Comparisons among phylogenetically closely related species, as opposed to comparisons among distantly related groups, are more likely to reveal finer detail about the steps that underlie life history, genomic, and morphological evolution. For example, in the absence of a phylogeny that includes additional closely related species, a feature that is actually convergent between two species may appear to be homologous, as we show below for the case of hermaphroditic reproduction. Also, the time and the frequency at which evolutionary events occurred, like the loss and gain of introns, may be obscured by comparing distantly related species or anciently duplicated genes. We therefore aimed to resolve the phylogenetic relationships of all Caenorhabditis species currently in culture by using gene sequence data.

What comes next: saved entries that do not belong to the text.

lemma sum_witness_core_row:
  assumes "s < 6"
  shows "(\<Sum>j<N. witness $$ (core_row n1 n2 s, j) * g j) = kappa * (\<Sum>t<6. M6 s t * g (core_col p t))"
proof -
  have "(\<Sum>j<N. witness $$ (core_row n1 n2 s, j) * g j)
      = (\<Sum>j\<in>core_cols. witness $$ (core_row n1 n2 s, j) * g j)"
    using core_col_less witness_core_row_off[OF assms] by (intro sum.mono_neutral_right) auto
  also have "\<dots> = (\<Sum>t<6. kappa * (M6 s t * g (core_col p t)))"
    using assms by (simp add: sum.reindex[OF inj_core_col] witness_core mult.assoc)
  finally show ?thesis by (simp add: sum_distrib_left)
qed

lemma sum_witness_off_core:
  assumes "i < N" "i \<notin> core_rows"
  shows "(\<Sum>j<N. witness $$ (i, j) * g j) = g (f i)"
proof -
  have "(\<Sum>j<N. witness $$ (i, j) * g j) = (\<Sum>j<N. if j = f i then g j else 0)"
    by (intro sum.cong) (simp_all add: witness_off_core[OF assms])
  then show ?thesis using f_maps[OF assms] by simp
qed

lemma witness_rows_orthonormal:
  assumes "i < N" "i' < N"
  shows "(\<Sum>j<N. witness $$ (i, j) * cnj (witness $$ (i', j))) = of_bool (i = i')"
proof (cases "i \<in> core_rows")
  case True
  then obtain s where s: "s < 6" "i = core_row n1 n2 s" by auto
  show ?thesis
  proof (cases "i' \<in> core_rows")
    case True
    then obtain s' where s': "s' < 6" "i' = core_row n1 n2 s'" by auto
    have "(\<Sum>j<N. witness $$ (i, j) * cnj (witness $$ (i', j)))
        = kappa * cnj kappa * (\<Sum>t<6. M6 s t * cnj (M6 s' t))"
      using s s' by (simp add: sum_witness_core_row witness_core sum_distrib_left ac_simps)
    also have "\<dots> = of_bool (s = s')"
      using s s' by (simp add: kappa_times_cnj M6_rows_orthogonal)
    finally show ?thesis
      using s s' inj_onD[OF inj_core_row, of s s'] by auto
  next
    case False
    have "cnj (witness $$ (i', core_col p t)) = 0" if "t < 6" for t
    proof -
      have "core_col p t \<noteq> f i'" using f_maps[OF assms(2) False] that by force
      then show ?thesis using that by (simp add: witness_off_core[OF assms(2) False] core_col_less)
    qed
    moreover have "i \<noteq> i'" using s False by auto
    ultimately show ?thesis
      using s by (simp add: sum_witness_core_row)
  qed
next
  case False
  then have "(\<Sum>j<N. witness $$ (i, j) * cnj (witness $$ (i', j))) = cnj (witness $$ (i', f i))"
    using assms(1) by (simp add: sum_witness_off_core)
  also have "\<dots> = of_bool (i = i')"
  proof (cases "i' \<in> core_rows")
    case True
    then show ?thesis
      using False f_maps[OF assms(1) False] witness_core_row_off by auto
  next
    case False': False
    have "f i = f i' \<longleftrightarrow> i = i'"
      using f_bij assms False False' unfolding bij_betw_def inj_on_def by auto
    then show ?thesis
      using f_maps[OF assms(1) False] witness_off_core[OF assms(2) False'] by auto
  qed
  finally show ?thesis .
qed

Previous analyses with morphological (5) and small subunit (SSU) rRNA gene data (6) supported a monophyletic group called the Elegans group, consisting of C. elegans, C. briggsae, Caenorhabditis remanei, and an undescribed Caenorhabditis species (strain CB5161). However, the relationships of the Elegans group species to each other remained unresolved in these studies. Other molecular analyses included only three of the Elegans group species and no other Caenorhabditis species (7-10). These studies showed that C. briggsae and C. remanei are likely to be sister species, but the sister group of C. elegans remained unknown.

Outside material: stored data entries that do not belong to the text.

(* Let $M$ be a $3$-connected matroid, let $\mathcal{T}$ be a tangle of $M$, and let $C,D$ be disjoint subsets of $E(M)$ such that $C\cup D$ is independent in the tangle matroid $M(\mathcal{T})$ and $M/C\setminus D$ is $3$-connected. Then for each $d\in D$, either $M/C\setminus(D\setminus d)$ is $3$-connected or there is an element $c\in C$ such that $M/(C\setminus c)\setminus(D\setminus d)$ is $3$-connected.
   Context: $\lambda_M(X) = \rank_M(X) + \rank_M(E(M)\setminus X) - \rank(M)$. A tangle of order $\theta$ of $M$ is a collection $\mathcal{T}$ of subsets of $E(M)$ such that: (i) $\lambda_M(X)<\theta$ for all $X\in\mathcal{T}$; (ii) for every $X\subseteq E(M)$ with $\lambda_M(X)<\theta$, either $X\in\mathcal{T}$ or $E(M)\setminus X\in\mathcal{T}$; (iii) if $X,Y,Z\in\mathcal{T}$ then $X\cup Y\cup Z\neq E(M)$; (iv) $E(M)\setminus\{e\}\notin\mathcal{T}$ for every $e\in E(M)$. The tangle matroid $M(\mathcal{T})$ has rank function $\rank_{\mathcal{T}}(X) = \min\{\lambda_M(Y): X\subseteq Y\in\mathcal{T}\}$ if some member of $\mathcal{T}$ contains $X$, and $\theta$ otherwise. *)

theory Defs
  imports Main
begin

definition matroid :: "'a set \<Rightarrow> ('a set \<Rightarrow> nat) \<Rightarrow> bool" where
  "matroid E r \<longleftrightarrow> finite E
     \<and> (\<forall>X. X \<subseteq> E \<longrightarrow> r X \<le> card X)
     \<and> (\<forall>X Y. X \<subseteq> Y \<and> Y \<subseteq> E \<longrightarrow> r X \<le> r Y)
     \<and> (\<forall>X Y. X \<subseteq> E \<and> Y \<subseteq> E \<longrightarrow> r (X \<union> Y) + r (X \<inter> Y) \<le> r X + r Y)"

definition conn_fn :: "'a set \<Rightarrow> ('a set \<Rightarrow> nat) \<Rightarrow> 'a set \<Rightarrow> nat" where
  "conn_fn E r X = r X + r (E - X) - r E"

text \<open>Rank function of the minor M / C \ D (on ground set E - C - D):
  X maps to r(X union C) - r(C).\<close>
definition contr_rank :: "('a set \<Rightarrow> nat) \<Rightarrow> 'a set \<Rightarrow> 'a set \<Rightarrow> nat" where
  "contr_rank r C X = r (X \<union> C) - r C"

definition k_separation :: "'a set \<Rightarrow> ('a set \<Rightarrow> nat) \<Rightarrow> nat \<Rightarrow> 'a set \<Rightarrow> bool" where
  "k_separation E r k X \<longleftrightarrow> X \<subseteq> E \<and> card X \<ge> k \<and> card (E - X) \<ge> k \<and> conn_fn E r X < k"

definition n_connected :: "nat \<Rightarrow> 'a set \<Rightarrow> ('a set \<Rightarrow> nat) \<Rightarrow> bool" where
  "n_connected n E r \<longleftrightarrow> matroid E r \<and> (\<forall>k X. 1 \<le> k \<and> k < n \<longrightarrow> \<not> k_separation E r k X)"

abbreviation three_connected :: "'a set \<Rightarrow> ('a set \<Rightarrow> nat) \<Rightarrow> bool" where
  "three_connected E r \<equiv> n_connected 3 E r"

definition is_tangle :: "'a set \<Rightarrow> ('a set \<Rightarrow> nat) \<Rightarrow> 'a set set \<Rightarrow> nat \<Rightarrow> bool" where
  "is_tangle E r T \<theta> \<longleftrightarrow>
     T \<subseteq> Pow E
   \<and> (\<forall>X\<in>T. conn_fn E r X < \<theta>)
   \<and> (\<forall>X. X \<subseteq> E \<and> conn_fn E r X < \<theta> \<longrightarrow> X \<in> T \<or> E - X \<in> T)
   \<and> (\<forall>X\<in>T. \<forall>Y\<in>T. \<forall>Z\<in>T. X \<union> Y \<union> Z \<noteq> E)
   \<and> (\<forall>e\<in>E. E - {e} \<notin> T)"

definition tangle_rank :: "'a set \<Rightarrow> ('a set \<Rightarrow> nat) \<Rightarrow> 'a set set \<Rightarrow> nat \<Rightarrow> 'a set \<Rightarrow> nat" where
  "tangle_rank E r T \<theta> X =
     (if \<exists>Y\<in>T. X \<subseteq> Y then Min {conn_fn E r Y | Y. Y \<in> T \<and> X \<subseteq> Y} else \<theta>)"

definition tangle_indep :: "'a set \<Rightarrow> ('a set \<Rightarrow> nat) \<Rightarrow> 'a set set \<Rightarrow> nat \<Rightarrow> 'a set \<Rightarrow> bool" where
  "tangle_indep E r T \<theta> X \<longleftrightarrow> X \<subseteq> E \<and> tangle_rank E r T \<theta> X = card X"

end

theory Submission
  imports Defs
begin

text \<open>Let \<open>N = M/C\(D - d)\<close>. If \<open>N\<close> is not 3-connected, then, since \<open>M/C\D\<close> is 3-connected and
  tangle-independence gives \<open>\<lambda>(C \<union> D) = |C \<union> D|\<close>, a 2-separation of \<open>N\<close> must be \<open>{d, e}\<close> for some
  \<open>e \<notin> C \<union> D\<close>, with \<open>r(C + e) = r(C + d + e) = |C| + 1\<close>. A minimal \<open>K \<subseteq> C\<close> over which \<open>d, e\<close>
  are dependent is nonempty because \<open>M\<close> is 3-connected, and any \<open>c \<in> K\<close> can be released from \<open>C\<close>
  keeping \<open>d, e\<close> dependent. Then \<open>M/(C - c)\(D - d)\<close> is 3-connected: a low-order separation of it
  restricts to one of \<open>M/C\D\<close> unless one side has at most one element outside \<open>{c, d}\<close>, and such
  small sides are ruled out case by case. The key fact is that adding at most one element to
  \<open>C \<union> D\<close> keeps the connectivity at least \<open>|C \<union> D|\<close>: otherwise the enlarged set, the union of
  two sets of size \<open>< \<theta>\<close>, would lie in the tangle, contradicting tangle-independence.\<close>

locale rank_matroid =
  fixes E :: "'a set" and r :: "'a set \<Rightarrow> nat"
  assumes matroid: "matroid E r"
begin

lemma finite_ground: "finite E"
  using matroid unfolding matroid_def by blast

lemma rank_le_card: "X \<subseteq> E \<Longrightarrow> r X \<le> card X"
  using matroid unfolding matroid_def by blast

lemma rank_mono: "X \<subseteq> Y \<Longrightarrow> Y \<subseteq> E \<Longrightarrow> r X \<le> r Y"
  using matroid unfolding matroid_def by blast

lemma rank_submod:
  "X \<subseteq> E \<Longrightarrow> Y \<subseteq> E \<Longrightarrow> X \<union> Y = U \<Longrightarrow> X \<inter> Y = I \<Longrightarrow> r U + r I \<le> r X + r Y"
  using matroid unfolding matroid_def by blast

lemma rank_empty: "r {} = 0"
  using rank_le_card[of "{}"] by simp

lemma rank_insert_le: "X \<subseteq> E \<Longrightarrow> x \<in> E \<Longrightarrow> r (insert x X) \<le> r X + 1"
  using rank_submod[of X "{x}" "insert x X" "X \<inter> {x}"] rank_le_card[of "{x}"] by auto

lemma rank_Un_le_card: "X \<subseteq> E \<Longrightarrow> Z \<subseteq> E \<Longrightarrow> r (X \<union> Z) \<le> r X + card Z"
proof -
  assume X: "X \<subseteq> E" and Z: "Z \<subseteq> E"
  from Z have "finite Z" using finite_ground finite_subset by blast
  then show ?thesis using Z
  proof (induction Z rule: finite_induct)
    case (insert a F)
    have "r (X \<union> insert a F) \<le> r (X \<union> F) + 1"
      using rank_insert_le[of "X \<union> F" a] X insert.prems by simp
    then show ?case using insert by simp
  qed simp
qed

lemma indep_subset: "W \<subseteq> E \<Longrightarrow> r W = card W \<Longrightarrow> V \<subseteq> W \<Longrightarrow> r V = card V"
proof -
  assume W: "W \<subseteq> E" "r W = card W" and V: "V \<subseteq> W"
  have "finite W" using W finite_ground finite_subset by blast
  have "r W \<le> r V + card (W - V)"
    using rank_Un_le_card[of V "W - V"] W V by (auto simp: Un_absorb1 sup.absorb2)
  moreover have "card W = card V + card (W - V)"
    using \<open>finite W\<close> V by (metis card_Diff_subset card_mono finite_subset le_add_diff_inverse)
  moreover have "r V \<le> card V" using rank_le_card V W by auto
  ultimately show ?thesis using W by linarith
qed

lemma spanned_mono:
  "S \<subseteq> U \<Longrightarrow> U \<subseteq> E \<Longrightarrow> a \<in> E \<Longrightarrow> r (insert a S) = r S \<Longrightarrow> r (insert a U) = r U"
proof (cases "a \<in> U")
  case False
  assume "S \<subseteq> U" "U \<subseteq> E" "a \<in> E" "r (insert a S) = r S"
  moreover have "r (insert a U) + r S \<le> r (insert a S) + r U"
    using calculation False by (intro rank_submod) auto
  moreover have "r U \<le> r (insert a U)" using rank_mono[of U "insert a U"] calculation by auto
  ultimately show ?thesis by linarith
qed (simp add: insert_absorb)

lemma conn_add_rank: "X \<subseteq> E \<Longrightarrow> conn_fn E r X + r E = r X + r (E - X)"
  using rank_submod[of X "E - X" E "{}"] rank_empty unfolding conn_fn_def by force

lemma conn_le_rank: "X \<subseteq> E \<Longrightarrow> conn_fn E r X \<le> r X"
  using conn_add_rank[of X] rank_mono[of "E - X" E] by auto

lemma conn_le_card: "X \<subseteq> E \<Longrightarrow> conn_fn E r X \<le> card X"
  using conn_le_rank rank_le_card le_trans by blast

lemma conn_compl: "X \<subseteq> E \<Longrightarrow> conn_fn E r (E - X) = conn_fn E r X"
  unfolding conn_fn_def by (simp add: Diff_Diff_Int inf.absorb2 add.commute)

lemma three_connected_conn_ge:
  assumes "three_connected E r" "X \<subseteq> E" "2 \<le> card X" "2 \<le> card (E - X)"
  shows "2 \<le> conn_fn E r X"
proof -
  have "\<not> k_separation E r 2 X" using assms(1) unfolding n_connected_def by auto
  then show ?thesis using assms(2-4) unfolding k_separation_def by auto
qed

end

text \<open>The connectivity function of \<open>M/C\D\<close>, taken in \<open>int\<close> to avoid truncated subtraction;
  it agrees with \<open>conn_fn\<close> by \<open>conn_minor\<close>.\<close>
definition minor_conn :: "'a set \<Rightarrow> ('a set \<Rightarrow> nat) \<Rightarrow> 'a set \<Rightarrow> 'a set \<Rightarrow> 'a set \<Rightarrow> int" where
  "minor_conn E r C D X =
     int (r (X \<union> C)) + int (r ((E - C - D - X) \<union> C)) - int (r C) - int (r (E - D))"

context rank_matroid
begin

lemma contr_rank_empty: "contr_rank r {} = r"
  unfolding contr_rank_def using rank_empty by (simp add: fun_eq_iff)

lemma matroid_minor: "C \<subseteq> E \<Longrightarrow> matroid (E - C - D) (contr_rank r C)"
  unfolding matroid_def
proof (intro conjI allI impI)
  assume C: "C \<subseteq> E"
  show "finite (E - C - D)" using finite_ground by auto
  fix X Y
  show "X \<subseteq> E - C - D \<Longrightarrow> contr_rank r C X \<le> card X"
    using rank_Un_le_card[of C X] C unfolding contr_rank_def by (fastforce simp: Un_commute)
  show "X \<subseteq> Y \<and> Y \<subseteq> E - C - D \<Longrightarrow> contr_rank r C X \<le> contr_rank r C Y"
    using rank_mono[of "X \<union> C" "Y \<union> C"] C unfolding contr_rank_def by (fastforce intro: diff_le_mono)
  assume XY: "X \<subseteq> E - C - D \<and> Y \<subseteq> E - C - D"
  have "r ((X \<union> Y) \<union> C) + r ((X \<inter> Y) \<union> C) \<le> r (X \<union> C) + r (Y \<union> C)"
    using XY C by (intro rank_submod) auto
  moreover have "r C \<le> r (Z \<union> C)" if "Z \<subseteq> E" for Z using that C by (intro rank_mono) auto
  then have "r C \<le> r ((X \<union> Y) \<union> C)" "r C \<le> r ((X \<inter> Y) \<union> C)"
    "r C \<le> r (X \<union> C)" "r C \<le> r (Y \<union> C)"
    using XY by (metis Diff_subset Int_lower1 Un_least subset_trans)+
  ultimately show "contr_rank r C (X \<union> Y) + contr_rank r C (X \<inter> Y)
      \<le> contr_rank r C X + contr_rank r C Y"
    unfolding contr_rank_def by linarith
qed

lemma conn_minor:
  assumes "C \<subseteq> E" "C \<inter> D = {}" "X \<subseteq> E - C - D"
  shows "int (conn_fn (E - C - D) (contr_rank r C) X) = minor_conn E r C D X"
proof -
  have "(E - C - D) \<union> C = E - D" using assms by auto
  moreover have "r (E - D) + r C \<le> r (X \<union> C) + r ((E - C - D - X) \<union> C)"
    using assms by (intro rank_submod) auto
  moreover have "r C \<le> r (X \<union> C)" "r C \<le> r ((E - C - D - X) \<union> C)" "r C \<le> r (E - D)"
    using assms by (auto intro: rank_mono)
  ultimately show ?thesis unfolding conn_fn_def contr_rank_def minor_conn_def by simp
qed

lemma minor_conn_compl:
  "C \<subseteq> E \<Longrightarrow> X \<subseteq> E - C - D \<Longrightarrow> minor_conn E r C D (E - C - D - X) = minor_conn E r C D X"
  unfolding minor_conn_def by (simp add: Diff_Diff_Int inf.absorb2)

Here we present a completely resolved phylogeny of all 10 Caenorhabditis species currently in culture and four representative outgroup species from the closest species groups within family Rhabditidae (Nematoda) (11), inferred from the sequences of five nuclear genes: nearly complete sequences from SSU and large subunit (LSU) rRNA-encoding DNA (rDNA), part of the gene for the largest subunit of RNA polymerase II (RNAP2; also known as ama-1 in C. elegans), and portions of the par-6 and pkc-3 genes. We used this phylogeny to reevaluate the evolution of hermaphroditism within Caenorhabditis and the evolution of introns in RNAP2. Our data also allowed us to explore the range of genetic divergence that has occurred across the genus of Caenorhabditis and compare it to that in other organisms.

Materials and Methods

Strains. The following 12 nematode species were used in this study: Caenorhabditis drosophilae (strains DF5077 and SB225), Caenorhabditis japonica (SB339), Caenorhabditis plicata (SB355), Caenorhabditis remanei (SB146 and EM464), Caenorhabditis sp. (CB5161), Caenorhabditis sp. (DF5070), Caenorhabditis sp. (PS1010), Caenorhabditis sp. (SB341), Prodontorhabditis wirthi (DF5074), Protorhabditis sp. (DF5055), Oscheius myriophila (DF5020), Rhabditella axei (DF5006). All nematode strains were maintained by using standard methods (12), with the exception of P. wirthi, which was cultivated on plates with 1.5% agar in tap water supplied with a piece of brown algae.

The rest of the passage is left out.